Edipresse peut donc absorber le groupe Corbaz propriétaire de La Presse Riviera et de La Presse Nord Vaudois. En donnant son accord, la Commission de la concurrence (Comco) accepte de voir disparaître toute compétition sur le marché des quotidiens vaudois. Une alternative était pourtant à portée de main. Le groupe Hersant, nouveau venu en Suisse romande, était prêt à reprendre les deux titres de Corbaz. Avec La Côte qu’il détient déjà, le groupe français pouvait créer un pôle éditorial vaudois économiquement viable qui aurait fait un heureux contrepoids à la domination écrasante d’Edipresse.
La Commission de la concurrence semble avoir succombé au réflexe nationaliste. Hostile à l’intrus étranger, elle a donné sa préférence au monopole vaudois.
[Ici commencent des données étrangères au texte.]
lemma prod_superset_le:
  fixes f :: "'a \<Rightarrow> real"
  assumes "finite B" and "A \<subseteq> B" and "\<And>b. b \<in> B \<Longrightarrow> 0 \<le> f b \<and> f b \<le> 1"
  shows "prod f B \<le> prod f A"
proof -
  have "prod f B = prod f A * prod f (B - A)"
    using assms(1,2) by (metis prod.subset_diff mult.commute)
  also have "\<dots> \<le> prod f A"
    using assms by (intro mult_right_le_one_le prod_nonneg prod_le_1) auto
  finally show ?thesis .
qed

lemma one_minus_inverse_power_le_exp:
  assumes "n > 0"
  shows "(1 - 1 / real n) ^ n \<le> exp (- 1)"
proof -
  have "(1 - 1 / real n) ^ n \<le> exp (- 1 / real n) ^ n"
    using assms exp_ge_add_one_self[of "- 1 / real n"] by (intro power_mono) auto
  also have "\<dots> = exp (- 1)"
    using assms by (simp add: exp_of_nat_mult[symmetric])
  finally show ?thesis .
qed

lemma greedy_b_0 [simp]: "greedy_b eps p js 0 i = eps i"
  unfolding greedy_b_def by simp

lemma greedy_b_Suc: "greedy_b eps p js (Suc t) i = greedy_b eps p js t i * p (js (Suc t)) i"
  unfolding greedy_b_def by (simp add: atLeastAtMostSuc_conv)

lemma OPT_attained:
  assumes "finite R" and "K \<le> card R"
  obtains S where "S \<subseteq> R" and "card S = K" and "OPT V R p K = (\<Sum>i\<in>V. \<Prod>j\<in>S. p j i)"
proof -
  let ?M = "{(\<Sum>i\<in>V. \<Prod>j\<in>S. p j i) | S. S \<subseteq> R \<and> card S = K}"
  have "?M \<subseteq> (\<lambda>S. \<Sum>i\<in>V. \<Prod>j\<in>S. p j i) ` Pow R"
    by auto
  then have "finite ?M"
    using assms(1) by (simp add: finite_subset)
  obtain S0 where "S0 \<subseteq> R" "card S0 = K"
    using obtain_subset_with_card_n[OF assms(2)] by metis
  then have "?M \<noteq> {}"
    by blast
  with \<open>finite ?M\<close> have "OPT V R p K \<in> ?M"
    unfolding OPT_def by (rule Min_in)
  with that show ?thesis
    by blast
qed

locale greedy_instance =
  fixes V :: "'v set" and R :: "'r set" and eps :: "'v \<Rightarrow> real"
    and p :: "'r \<Rightarrow> 'v \<Rightarrow> real" and K :: nat and js :: "nat \<Rightarrow> 'r"
  assumes finite_R: "finite R"
    and eps_range: "\<And>i. i \<in> V \<Longrightarrow> 0 \<le> eps i \<and> eps i \<le> 1"
    and p_range: "\<And>j i. j \<in> R \<Longrightarrow> i \<in> V \<Longrightarrow> 0 \<le> p j i \<and> p j i \<le> 1"
    and run: "greedy_run V R eps p K js"
begin

abbreviation b :: "nat \<Rightarrow> 'v \<Rightarrow> real" where
  "b \<equiv> greedy_b eps p js"

definition cost :: "nat \<Rightarrow> real" where
  "cost t = (\<Sum>i\<in>V. b t i)"

definition weighted_cost :: "'r set \<Rightarrow> real" where
  "weighted_cost S = (\<Sum>i\<in>V. eps i * (\<Prod>j\<in>S. p j i))"

lemma greedy_choice:
  assumes "s < K"
  shows "js (Suc s) \<in> R - js ` {1..s}"
    and "\<And>j. j \<in> R - js ` {1..s} \<Longrightarrow>
           (\<Sum>i\<in>V. b s i * p (js (Suc s)) i) \<le> (\<Sum>i\<in>V. b s i * p j i)"
proof -
  have "Suc s \<in> {1..K}"
    using assms by simp
  from bspec[OF run[unfolded greedy_run_def] this]
  have "js (Suc s) \<in> R - js ` {1..<Suc s} \<and>
      (\<forall>j\<in>R - js ` {1..<Suc s}.
         (\<Sum>i\<in>V. b s i * p (js (Suc s)) i) \<le> (\<Sum>i\<in>V. b s i * p j i))"
    by simp
  then show "js (Suc s) \<in> R - js ` {1..s}"
    and "\<And>j. j \<in> R - js ` {1..s} \<Longrightarrow>
           (\<Sum>i\<in>V. b s i * p (js (Suc s)) i) \<le> (\<Sum>i\<in>V. b s i * p j i)"
    by (simp_all add: atLeastLessThanSuc_atLeastAtMost)
qed

lemma cost_Suc: "cost (Suc s) = (\<Sum>i\<in>V. b s i * p (js (Suc s)) i)"
  unfolding cost_def by (simp add: greedy_b_Suc)

lemma inj_on_chosen: "inj_on js {1..K}"
proof (rule inj_onI)
  have distinct: "js s \<noteq> js t" if "s < t" "s \<in> {1..K}" "t \<in> {1..K}" for s t
  proof -
    have "js t \<notin> js ` {1..t - 1}"
      using greedy_choice(1)[of "t - 1"] that by auto
    moreover have "js s \<in> js ` {1..t - 1}"
      using that by auto
    ultimately show ?thesis
      by auto
  qed
  fix s t
  assume "s \<in> {1..K}" "t \<in> {1..K}" "js s = js t"
  then show "s = t"
    using distinct by (metis linorder_neqE_nat)
qed

lemma greedy_b_eq_prod_chosen:
  assumes "s \<le> K"
  shows "b s i = eps i * (\<Prod>j\<in>js ` {1..s}. p j i)"
proof -
  have "inj_on js {1..s}"
    using assms by (intro inj_on_subset[OF inj_on_chosen]) auto
  then show ?thesis
    unfolding greedy_b_def by (simp add: prod.reindex)
qed

lemma chosen_subset_R:
  assumes "s \<le> K"
  shows "js ` {1..s} \<subseteq> R"
proof
  fix j
  assume "j \<in> js ` {1..s}"
  then obtain t where "t \<in> {1..s}" "j = js (Suc (t - 1))"
    by auto
  then show "j \<in> R"
    using greedy_choice(1)[of "t - 1"] assms by auto
qed

lemma greedy_b_nonneg:
  assumes "s \<le> K" and "i \<in> V"
  shows "0 \<le> b s i"
  using assms chosen_subset_R[OF assms(1)] eps_range p_range
  by (auto simp: greedy_b_eq_prod_chosen intro!: mult_nonneg_nonneg prod_nonneg)

lemma cost_Suc_le:
  assumes "s < K"
  shows "cost (Suc s) \<le> cost s"
  unfolding cost_Suc unfolding cost_def
  using assms greedy_choice(1)[OF assms] greedy_b_nonneg p_range
  by (intro sum_mono mult_right_le_one_le) auto

lemma marginal_gains_le:
  assumes "s < K" and "U \<subseteq> R - js ` {1..s}"
  shows "(\<Sum>j\<in>U. \<Sum>i\<in>V. b s i * (1 - p j i)) \<le> real (card U) * (cost s - cost (Suc s))"
proof -
  have "(\<Sum>j\<in>U. cost (Suc s)) \<le> (\<Sum>j\<in>U. \<Sum>i\<in>V. b s i * p j i)"
    using assms greedy_choice(2)[OF assms(1)] by (intro sum_mono) (auto simp: cost_Suc)
  then show ?thesis
    by (simp add: cost_def algebra_simps sum_subtractf)
qed

lemma greedy_b_mult_prod_le:
  assumes "s \<le> K" and "S \<subseteq> R" and "i \<in> V"
  shows "b s i * (\<Prod>j\<in>S - js ` {1..s}. p j i) \<le> eps i * (\<Prod>j\<in>S. p j i)"
proof -
  let ?G = "js ` {1..s}"
  have "finite S"
    using assms(2) finite_R finite_subset by blast
  have "b s i * (\<Prod>j\<in>S - ?G. p j i) = eps i * (\<Prod>j\<in>?G \<union> S. p j i)"
    using \<open>finite S\<close> prod.union_disjoint[of ?G "S - ?G" "\<lambda>j. p j i"]
    by (simp add: greedy_b_eq_prod_chosen[OF assms(1)] mult.assoc)
  also have "\<dots> \<le> eps i * (\<Prod>j\<in>S. p j i)"
    using \<open>finite S\<close> assms chosen_subset_R[OF assms(1)] eps_range p_range
    by (intro mult_left_mono prod_superset_le) auto
  finally show ?thesis .
qed

lemma excess_le_marginal_gains:
  assumes "s \<le> K" and "S \<subseteq> R"
  shows "cost s - weighted_cost S \<le> (\<Sum>j\<in>S - js ` {1..s}. \<Sum>i\<in>V. b s i * (1 - p j i))"
proof -
  let ?U = "S - js ` {1..s}"
  have "finite ?U"
    using assms(2) finite_R finite_subset by blast
  have "cost s - weighted_cost S \<le> (\<Sum>i\<in>V. b s i * (1 - (\<Prod>j\<in>?U. p j i)))"
    using sum_mono[of V "\<lambda>i. b s i * (\<Prod>j\<in>?U. p j i)" "\<lambda>i. eps i * (\<Prod>j\<in>S. p j i)"]
      greedy_b_mult_prod_le[OF assms]
    by (simp add: cost_def weighted_cost_def algebra_simps sum_subtractf)
  also have "\<dots> \<le> (\<Sum>i\<in>V. b s i * (\<Sum>j\<in>?U. 1 - p j i))"
    using \<open>finite ?U\<close> assms greedy_b_nonneg p_range
    by (intro sum_mono mult_left_mono one_minus_prod_le_sum_one_minus) auto
  also have "\<dots> = (\<Sum>j\<in>?U. \<Sum>i\<in>V. b s i * (1 - p j i))"
    unfolding sum_distrib_left by (rule sum.swap)
  finally show ?thesis .
qed

lemma cost_step:
  assumes "s < K" and "S \<subseteq> R" and "card S \<le> K"
  shows "cost (Suc s) - weighted_cost S \<le> (1 - 1 / real K) * (cost s - weighted_cost S)"
proof -
  let ?U = "S - js ` {1..s}"
  have "finite S"
    using assms(2) finite_R finite_subset by blast
  then have "card ?U \<le> K"
    using assms(3) card_mono[of S ?U] by auto
  have "?U \<subseteq> R - js ` {1..s}"
    using assms(2) by blast
  have "cost s - weighted_cost S \<le> real (card ?U) * (cost s - cost (Suc s))"
    using excess_le_marginal_gains[of s S] marginal_gains_le[OF assms(1) \<open>?U \<subseteq> R - js ` {1..s}\<close>]
      assms(1,2) by linarith
  also have "\<dots> \<le> real K * (cost s - cost (Suc s))"
    using \<open>card ?U \<le> K\<close> cost_Suc_le[OF assms(1)] by (intro mult_right_mono) auto
  finally have "(cost s - weighted_cost S) / real K \<le> cost s - cost (Suc s)"
    using assms(1) by (simp add: divide_le_eq mult.commute)
  moreover have "(1 - 1 / real K) * (cost s - weighted_cost S)
      = (cost s - weighted_cost S) - (cost s - weighted_cost S) / real K"
    by (simp add: left_diff_distrib)
  ultimately show ?thesis
    by linarith
qed

lemma cost_excess_power:
  assumes "t \<le> K" and "S \<subseteq> R" and "card S \<le> K"
  shows "cost t - weighted_cost S \<le> (1 - 1 / real K) ^ t * (cost 0 - weighted_cost S)"
  using assms(1)
proof (induction t)
  case 0
  then show ?case by simp
next
  case (Suc t)
  have "0 \<le> 1 - 1 / real K"
    using Suc.prems by (simp add: field_simps)
  have "cost (Suc t) - weighted_cost S \<le> (1 - 1 / real K) * (cost t - weighted_cost S)"
    using cost_step Suc.prems assms(2,3) by simp
  also have "\<dots> \<le> (1 - 1 / real K) * ((1 - 1 / real K) ^ t * (cost 0 - weighted_cost S))"
    using Suc \<open>0 \<le> 1 - 1 / real K\<close> by (intro mult_left_mono) auto
  finally show ?case
    by simp
qed

lemma weighted_cost_le_cost_0:
  assumes "S \<subseteq> R"
  shows "weighted_cost S \<le> cost 0"
  unfolding cost_def weighted_cost_def
  using assms eps_range p_range
  by (intro sum_mono) (auto intro!: mult_right_le_one_le prod_nonneg prod_le_1)

lemma weighted_cost_le:
  assumes "S \<subseteq> R"
  shows "weighted_cost S \<le> (\<Sum>i\<in>V. \<Prod>j\<in>S. p j i)"
  unfolding weighted_cost_def
  using assms eps_range p_range
  by (intro sum_mono) (auto intro!: mult_left_le_one_le prod_nonneg)

lemma cost_K_le:
  assumes "S \<subseteq> R" and "card S = K"
  shows "cost K \<le> weighted_cost S + exp (- 1) * (cost 0 - weighted_cost S)"
proof (cases "K = 0")
  case True
  moreover have "finite S"
    using assms(1) finite_R finite_subset by blast
  ultimately have "S = {}"
    using assms(2) by simp
  with True show ?thesis
    by (simp add: cost_def weighted_cost_def)
next
  case False
  then have "(1 - 1 / real K) ^ K * (cost 0 - weighted_cost S)
             \<le> exp (- 1) * (cost 0 - weighted_cost S)"
    using weighted_cost_le_cost_0[OF assms(1)]
    by (intro mult_right_mono one_minus_inverse_power_le_exp) auto
  then show ?thesis
    using cost_excess_power[of K S] assms by simp
qed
Et pourtant la loi fédérale qui dicte son action ignore la notion de nationalité. Pour masquer son recul, la Comco pose d’apparentes conditions restrictives à Edipresse. Le groupe lausannois doit céder 4,5 % de ses actions au capital du Nouvelliste et quitter le conseil d’administration du journal valaisan. Le sacrifice est nul. Il ne remet en aucune façon en question la stratégie – très logique – de développement d’Edipresse en Suisse romande.
Le marché romand des quotidiens n’existe que pour deux titres : le haut de gamme occupé par Le Temps et le bas avec le Matin. Les autres titres «tous publics» ont une assise exclusivement cantonale. La Liberté est fribourgeoise, Le Quotidien jurassien ne quitte pas sa terre natale. Edipresse se désintéresse et se dégage de ces marchés secondaires pour se satisfaire – si l’on peut dire – des gros morceaux que sont Genève et Vaud ainsi que des deux titres à vocation romande.
Les contraintes économiques ne permettent pas de partager les marchés cantonaux. La fusion entre L’Impartial et L’Express en est la preuve la plus récente. Mais, par sa dimension, le canton de Vaud fait exception. A côté de 24heures, une presse locale a pu survivre à la Côte, sur la Riviera et au Nord vaudois. Le canton aurait donc pu se permettre le luxe de la diversité. Le pool des titres locaux envisagé par Hersant aurait permis la constitution d’une rédaction vaudoise qui aurait apporté une heureuse diversité pour le public. Il aurait aussi offert aux journalistes romands un employeur supplémentaire bienvenu.
En acceptant la fusion entre Le Nouveau Quotidien et Le Journal de Genève, la Commission de la concurrence faisait tout juste. Elle reconnaissait, pragmatiquement, qu’il n’y avait pas de place pour deux quotidiens haut de gamme sur le marché romand. En laissant aujourd’hui le champ libre à Edipresse en terre vaudoise, elle a failli à sa tâche qui est, faut-il le rappeler, de sauvegarder la concurrence.